* [Data to examine]
(* Let $G=(V,E)$ be a $k$-cozy graph with edge connectivity $\kappa'(G)=2\ell$. Let $D\subset E$ with $|D|=2\ell$ be a set of edges whose removal disconnects $G$ into two components $G_1$ and $G_2$. Then $\kappa'(G_1)\ge\ell$ and $\kappa'(G_2)\ge\ell$.
   Context: An undirected graph $G$ is $k$-cozy if it is connected, $k$-regular, and equipped with a $1$-factorization, i.e., an assignment of colors from $\{1,\dots,k\}$ to its edges such that the $k$ edges incident at each vertex receive distinct colors. The edge connectivity $\kappa'(H)$ of a graph $H$ is the minimum number of edges whose removal disconnects $H$. *)

theory Defs
  imports Main "HOL-Library.Extended_Nat"
begin

definition graph :: "'a set \<Rightarrow> 'a set set \<Rightarrow> bool" where
  "graph V E \<longleftrightarrow> finite V \<and> (\<forall>e\<in>E. \<exists>u v. e = {u, v} \<and> u \<noteq> v \<and> u \<in> V \<and> v \<in> V)"

definition adj :: "'a set set \<Rightarrow> 'a \<Rightarrow> 'a \<Rightarrow> bool" where
  "adj E u v \<longleftrightarrow> {u, v} \<in> E \<and> u \<noteq> v"

definition connected_graph :: "'a set \<Rightarrow> 'a set set \<Rightarrow> bool" where
  "connected_graph V E \<longleftrightarrow> V \<noteq> {} \<and>
     (\<forall>u\<in>V. \<forall>v\<in>V. (u, v) \<in> {(x, y). adj E x y}\<^sup>*)"

definition degree :: "'a set set \<Rightarrow> 'a \<Rightarrow> nat" where
  "degree E v = card {e \<in> E. v \<in> e}"

definition regular :: "nat \<Rightarrow> 'a set \<Rightarrow> 'a set set \<Rightarrow> bool" where
  "regular k V E \<longleftrightarrow> (\<forall>v\<in>V. degree E v = k)"

definition one_factorization :: "nat \<Rightarrow> 'a set \<Rightarrow> 'a set set \<Rightarrow> ('a set \<Rightarrow> nat) \<Rightarrow> bool" where
  "one_factorization k V E c \<longleftrightarrow> (\<forall>e\<in>E. c e \<in> {1..k}) \<and>
     (\<forall>v\<in>V. inj_on c {e \<in> E. v \<in> e})"

definition cozy :: "nat \<Rightarrow> 'a set \<Rightarrow> 'a set set \<Rightarrow> bool" where
  "cozy k V E \<longleftrightarrow> graph V E \<and> connected_graph V E \<and> regular k V E \<and>
     (\<exists>c. one_factorization k V E c)"

text \<open>Edge connectivity: minimum number of edges whose removal disconnects the graph
 (infinite if no edge set disconnects it, e.g. a single vertex).\<close>
definition edge_connectivity :: "'a set \<Rightarrow> 'a set set \<Rightarrow> enat" where
  "edge_connectivity V E = (INF F \<in> {F. F \<subseteq> E \<and> \<not> connected_graph V (E - F)}. enat (card F))"

end

theory Submission
  imports Defs
begin

text \<open>Let \<open>F\<close> be a set of edges of \<open>G\<^sub>1\<close> whose removal disconnects it, splitting \<open>V\<^sub>1\<close> into
  \<open>A\<close> and \<open>B\<close>. Since \<open>D\<close> is a minimum cut, \<open>D\<close> is exactly the set of edges leaving \<open>V\<^sub>1\<close>,
  so every edge of \<open>D\<close> has one end outside \<open>V\<^sub>1\<close> and hence meets at most one of \<open>A\<close>, \<open>B\<close>.
  The edges leaving \<open>A\<close> in \<open>G\<close> lie in \<open>F\<close> together with the edges of \<open>D\<close> meeting \<open>A\<close>, and
  likewise for \<open>B\<close>. Both of these cuts have at least \<open>2\<ell>\<close> edges, so
  \<open>4\<ell> \<le> 2|F| + |D| = 2|F| + 2\<ell>\<close>, i.e. \<open>|F| \<ge> \<ell>\<close>.\<close>

definition boundary :: "'a set set \<Rightarrow> 'a set \<Rightarrow> 'a set set" where
  "boundary E S = {e \<in> E. e \<inter> S \<noteq> {} \<and> e - S \<noteq> {}}"

lemma boundary_subset: "boundary E S \<subseteq> E"
  unfolding boundary_def by blast

lemma graph_edge_subset: "graph V E \<Longrightarrow> e \<in> E \<Longrightarrow> e \<subseteq> V"
  unfolding graph_def by auto

lemma graph_finite_edges:
  assumes "graph V E"
  shows "finite E"
proof -
  have "E \<subseteq> Pow V" using graph_edge_subset[OF assms] by blast
  moreover have "finite V" using assms unfolding graph_def by blast
  ultimately show ?thesis by (meson finite_Pow_iff finite_subset)
qed

lemma graph_subgraph:
  assumes "graph V E" "V' \<subseteq> V" "\<forall>e\<in>E'. e \<in> E \<and> e \<subseteq> V'"
  shows "graph V' E'"
  unfolding graph_def
proof
  have "finite V" using assms(1) by (simp add: graph_def)
  then show "finite V'" using assms(2) by (rule finite_subset[rotated])
  show "\<forall>e\<in>E'. \<exists>u v. e = {u, v} \<and> u \<noteq> v \<and> u \<in> V' \<and> v \<in> V'"
  proof
    fix e assume e: "e \<in> E'"
    then have "e \<in> E" "e \<subseteq> V'" using assms(3) by auto
    moreover obtain u v where "e = {u, v}" "u \<noteq> v"
      using assms(1) \<open>e \<in> E\<close> by (auto simp: graph_def)
    ultimately show "\<exists>u v. e = {u, v} \<and> u \<noteq> v \<and> u \<in> V' \<and> v \<in> V'" by auto
  qed
qed

lemma boundary_complement:
  assumes "\<forall>e\<in>E. e \<subseteq> V"
  shows "boundary E (V - S) = boundary E S"
  using assms unfolding boundary_def by blast

lemma not_connected_Diff_boundary:
  assumes "S \<subseteq> V" "S \<noteq> {}" "S \<noteq> V"
  shows "\<not> connected_graph V (E - boundary E S)"
proof
  assume conn: "connected_graph V (E - boundary E S)"
  obtain u v where u: "u \<in> S" and v: "v \<in> V" "v \<notin> S" using assms by blast
  have "(u, v) \<in> {(x, y). adj (E - boundary E S) x y}\<^sup>*"
    using conn u v assms(1) unfolding connected_graph_def by blast
  then have "v \<in> S"
    by (induction rule: rtrancl_induct) (use u in \<open>auto simp: adj_def boundary_def\<close>)
  with v show False by blast
qed

text \<open>Witness: the connected component of a vertex.\<close>
lemma not_connected_graph_obtains_closed_set:
  assumes "graph V E" "V \<noteq> {}" "\<not> connected_graph V E"
  obtains A where "A \<subseteq> V" "A \<noteq> {}" "A \<noteq> V" "boundary E A = {}"
proof -
  let ?R = "{(x, y). adj E x y}"
  obtain u v where uv: "u \<in> V" "v \<in> V" "(u, v) \<notin> ?R\<^sup>*"
    using assms(2,3) unfolding connected_graph_def by blast
  define A where "A = {x \<in> V. (u, x) \<in> ?R\<^sup>*}"
  have "boundary E A = {}"
  proof (rule ccontr)
    assume "boundary E A \<noteq> {}"
    then obtain e x y where e: "e \<in> E" "x \<in> e" "x \<in> A" "y \<in> e" "y \<notin> A"
      unfolding boundary_def by blast
    then obtain p q where "e = {p, q}" "p \<noteq> q" using assms(1) unfolding graph_def by blast
    with e have "adj E x y" "y \<in> V"
      using graph_edge_subset[OF assms(1)] by (auto simp: adj_def insert_commute)
    with e show False unfolding A_def by (auto intro: rtrancl_into_rtrancl)
  qed
  moreover have "u \<in> A" "v \<notin> A" using uv unfolding A_def by auto
  moreover have "A \<subseteq> V" unfolding A_def by blast
  ultimately show ?thesis using that uv(2) by blast
qed

lemma edge_connectivity_le_card:
  assumes "X \<subseteq> E" "\<not> connected_graph V (E - X)"
  shows "edge_connectivity V E \<le> enat (card X)"
  unfolding edge_connectivity_def by (rule INF_lower) (use assms in auto)

lemma le_edge_connectivityI:
  assumes "\<And>F. F \<subseteq> E \<Longrightarrow> \<not> connected_graph V (E - F) \<Longrightarrow> m \<le> card F"
  shows "enat m \<le> edge_connectivity V E"
  unfolding edge_connectivity_def by (rule INF_greatest) (use assms in auto)

lemma le_card_boundary:
  assumes "edge_connectivity V E = enat m" "S \<subseteq> V" "S \<noteq> {}" "S \<noteq> V"
  shows "m \<le> card (boundary E S)"
  using edge_connectivity_le_card[OF boundary_subset[of E S] not_connected_Diff_boundary[OF assms(2-4)]]
  by (simp add: assms(1))

text \<open>An edge has only two ends, so it cannot meet \<open>A\<close>, \<open>B\<close> and the complement of \<open>A \<union> B\<close>.\<close>
lemma boundary_Int_boundary_Int_boundary_Un:
  assumes "graph V E" "A \<inter> B = {}"
  shows "boundary E A \<inter> boundary E B \<inter> boundary E (A \<union> B) = {}"
proof -
  have False if "e \<in> E" "x \<in> e" "x \<in> A" "y \<in> e" "y \<in> B" "z \<in> e" "z \<notin> A \<union> B" for e x y z
  proof -
    obtain p q where "e = {p, q}" using \<open>e \<in> E\<close> assms(1) unfolding graph_def by blast
    moreover have "x \<noteq> y" "x \<noteq> z" "y \<noteq> z" using that assms(2) by auto
    ultimately show False using that by auto
  qed
  then show ?thesis unfolding boundary_def by blast
qed

lemma minimum_cut_eq_boundary:
  assumes "graph V E" "edge_connectivity V E = enat (card D)" "D \<subseteq> E"
    and "S \<subseteq> V" "S \<noteq> {}" "S \<noteq> V" "\<forall>e \<in> E - D. e \<subseteq> S \<or> e \<inter> S = {}"
  shows "D = boundary E S"
proof -
  have finD: "finite D" using assms(3) graph_finite_edges[OF assms(1)] by (rule finite_subset)
  have sub: "boundary E S \<subseteq> D" using assms(7) unfolding boundary_def by blast
  have "card D \<le> card (boundary E S)" using le_card_boundary[OF assms(2,4-6)] .
  then show ?thesis using card_seteq[OF finD sub] by simp
qed

lemma boundary_subset_side_cut:
  assumes "S \<subseteq> V1" "V1 \<inter> V2 = {}" "\<forall>e \<in> E - D. e \<subseteq> V1 \<or> e \<subseteq> V2"
    and "boundary ({e \<in> E - D. e \<subseteq> V1} - F) S = {}"
  shows "boundary E S \<subseteq> F \<union> D"
proof
  fix e assume "e \<in> boundary E S"
  then have e: "e \<in> E" "e \<inter> S \<noteq> {}" "e - S \<noteq> {}" unfolding boundary_def by auto
  show "e \<in> F \<union> D"
  proof (rule ccontr)
    assume "e \<notin> F \<union> D"
    moreover have "e \<subseteq> V1" using \<open>e \<notin> F \<union> D\<close> assms(1-3) e(1,2) by blast
    ultimately have "e \<in> boundary ({e \<in> E - D. e \<subseteq> V1} - F) S"
      using e unfolding boundary_def by blast
    with assms(4) show False by simp
  qed
qed

lemma le_card_cover_of_boundary:
  assumes "edge_connectivity V E = enat m" "finite E" "F \<subseteq> E" "D \<subseteq> E"
    and "S \<subseteq> V" "S \<noteq> {}" "S \<noteq> V" "boundary E S \<subseteq> F \<union> D"
  shows "m \<le> card F + card (D \<inter> boundary E S)"
proof -
  have "m \<le> card (boundary E S)" by (rule le_card_boundary[OF assms(1,5-7)])
  also have "\<dots> \<le> card (F \<union> (D \<inter> boundary E S))"
    using assms(2-4,8) by (intro card_mono) (auto intro: finite_subset)
  also have "\<dots> \<le> card F + card (D \<inter> boundary E S)" by (rule card_Un_le)
  finally show ?thesis .
qed

lemma card_Int_boundary_add_card_Int_boundary_le:
  assumes "graph V E" "finite D" "D \<subseteq> boundary E (A \<union> B)" "A \<inter> B = {}"
  shows "card (D \<inter> boundary E A) + card (D \<inter> boundary E B) \<le> card D"
proof -
  have "(D \<inter> boundary E A) \<inter> (D \<inter> boundary E B) = {}"
    using boundary_Int_boundary_Int_boundary_Un[OF assms(1,4)] assms(3) by blast
  then have "card (D \<inter> boundary E A) + card (D \<inter> boundary E B)
      = card (D \<inter> (boundary E A \<union> boundary E B))"
    using assms(2) by (simp add: card_Un_disjoint Int_Un_distrib)
  also have "\<dots> \<le> card D" using assms(2) by (intro card_mono) auto
  finally show ?thesis .
qed

lemma side_edge_connectivity_ge_half:
  assumes g: "graph V E" and ec: "edge_connectivity V E = enat (2 * l)"
    and D: "D \<subseteq> E" "card D = 2 * l"
    and V: "V1 \<union> V2 = V" "V1 \<inter> V2 = {}"
    and sep: "\<forall>e \<in> E - D. e \<subseteq> V1 \<or> e \<subseteq> V2"
    and ne: "V1 \<noteq> {}" "V2 \<noteq> {}"
  shows "enat l \<le> edge_connectivity V1 {e \<in> E - D. e \<subseteq> V1}"
proof (rule le_edge_connectivityI)
  fix F
  let ?E1 = "{e \<in> E - D. e \<subseteq> V1}"
  assume F: "F \<subseteq> ?E1" and disconn: "\<not> connected_graph V1 (?E1 - F)"
  have finE: "finite E" using graph_finite_edges[OF g] .
  have "graph V1 (?E1 - F)" by (rule graph_subgraph[OF g]) (use V(1) in auto)
  then obtain A where A: "A \<subseteq> V1" "A \<noteq> {}" "A \<noteq> V1" and closedA: "boundary (?E1 - F) A = {}"
    using ne(1) disconn by (rule not_connected_graph_obtains_closed_set)
  define B where "B = V1 - A"
  have "\<forall>e \<in> ?E1 - F. e \<subseteq> V1" by blast
  then have closedB: "boundary (?E1 - F) B = {}"
    using closedA unfolding B_def by (simp add: boundary_complement)
  have B: "B \<subseteq> V1" "B \<noteq> {}" "B \<noteq> V1" using A unfolding B_def by auto
  have AB: "A \<inter> B = {}" "A \<union> B = V1" using A(1) unfolding B_def by blast+
  have proper: "S \<subseteq> V" "S \<noteq> V" if "S \<subseteq> V1" for S using that V ne(2) by auto
  have "edge_connectivity V E = enat (card D)" using ec D(2) by simp
  moreover have "\<forall>e \<in> E - D. e \<subseteq> V1 \<or> e \<inter> V1 = {}" using sep V(2) by blast
  ultimately have "D = boundary E V1"
    using minimum_cut_eq_boundary[OF g _ D(1) proper(1)[OF order_refl] ne(1) proper(2)[OF order_refl]]
    by simp
  then have "D \<subseteq> boundary E (A \<union> B)" unfolding AB(2) by simp
  moreover have "finite D" using D(1) finE by (rule finite_subset)
  ultimately have "card (D \<inter> boundary E A) + card (D \<inter> boundary E B) \<le> card D"
    using card_Int_boundary_add_card_Int_boundary_le[OF g _ _ AB(1)] by blast
  moreover have cut_bound: "2 * l \<le> card F + card (D \<inter> boundary E S)"
    if "S \<subseteq> V1" "S \<noteq> {}" "boundary (?E1 - F) S = {}" for S
    using le_card_cover_of_boundary[OF ec finE _ D(1) proper(1)[OF that(1)] that(2) proper(2)[OF that(1)]]
      boundary_subset_side_cut[OF that(1) V(2) sep that(3)] F by blast
  ultimately show "l \<le> card F"
    using cut_bound[OF A(1,2) closedA] cut_bound[OF B(1,2) closedB] D(2) by linarith
qed

theorem mainTheorem12:
  fixes V :: "'a set" and E D :: "'a set set" and k l :: nat and V1 V2 :: "'a set"
  assumes "cozy k V E"
    and "edge_connectivity V E = enat (2 * l)"
    and "D \<subseteq> E" and "card D = 2 * l"
    and "V1 \<union> V2 = V" and "V1 \<inter> V2 = {}"
    and "\<forall>e \<in> E - D. e \<subseteq> V1 \<or> e \<subseteq> V2"
    and "connected_graph V1 {e \<in> E - D. e \<subseteq> V1}"
    and "connected_graph V2 {e \<in> E - D. e \<subseteq> V2}"
  shows "edge_connectivity V1 {e \<in> E - D. e \<subseteq> V1} \<ge> enat l
       \<and> edge_connectivity V2 {e \<in> E - D. e \<subseteq> V2} \<ge> enat l"
proof
  have g: "graph V E" using assms(1) unfolding cozy_def by blast
  have ne: "V1 \<noteq> {}" "V2 \<noteq> {}" using assms(8,9) unfolding connected_graph_def by blast+
  show "edge_connectivity V1 {e \<in> E - D. e \<subseteq> V1} \<ge> enat l"
    using side_edge_connectivity_ge_half[OF g assms(2-7) ne] .
  have "V2 \<union> V1 = V" "V2 \<inter> V1 = {}" "\<forall>e \<in> E - D. e \<subseteq> V2 \<or> e \<subseteq> V1"
    using assms(5-7) by blast+
  then show "edge_connectivity V2 {e \<in> E - D. e \<subseteq> V2} \<ge> enat l"
    using side_edge_connectivity_ge_half[OF g assms(2-4) _ _ _ ne(2,1)] by blast
qed

end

* [Task goal] Once you reach the line with "using closedA unfolding" in the data above, copy it and every line after it exactly, up to and including the line with "using card_Int_boundary_add_card_Int_boundary_le[OF g".

* [Response area]
    using closedA unfolding B_def by (simp add: boundary_complement)
  have B: "B \<subseteq> V1" "B \<noteq> {}" "B \<noteq> V1" using A unfolding B_def by auto
  have AB: "A \<inter> B = {}" "A \<union> B = V1" using A(1) unfolding B_def by blast+
  have proper: "S \<subseteq> V" "S \<noteq> V" if "S \<subseteq> V1" for S using that V ne(2) by auto
  have "edge_connectivity V E = enat (card D)" using ec D(2) by simp
  moreover have "\<forall>e \<in> E - D. e \<subseteq> V1 \<or> e \<inter> V1 = {}" using sep V(2) by blast
  ultimately have "D = boundary E V1"
    using minimum_cut_eq_boundary[OF g _ D(1) proper(1)[OF order_refl] ne(1) proper(2)[OF order_refl]]
    by simp
  then have "D \<subseteq> boundary E (A \<union> B)" unfolding AB(2) by simp
  moreover have "finite D" using D(1) finE by (rule finite_subset)
  ultimately have "card (D \<inter> boundary E A) + card (D \<inter> boundary E B) \<le> card D"
    using card_Int_boundary_add_card_Int_boundary_le[OF g _ _ AB(1)] by blast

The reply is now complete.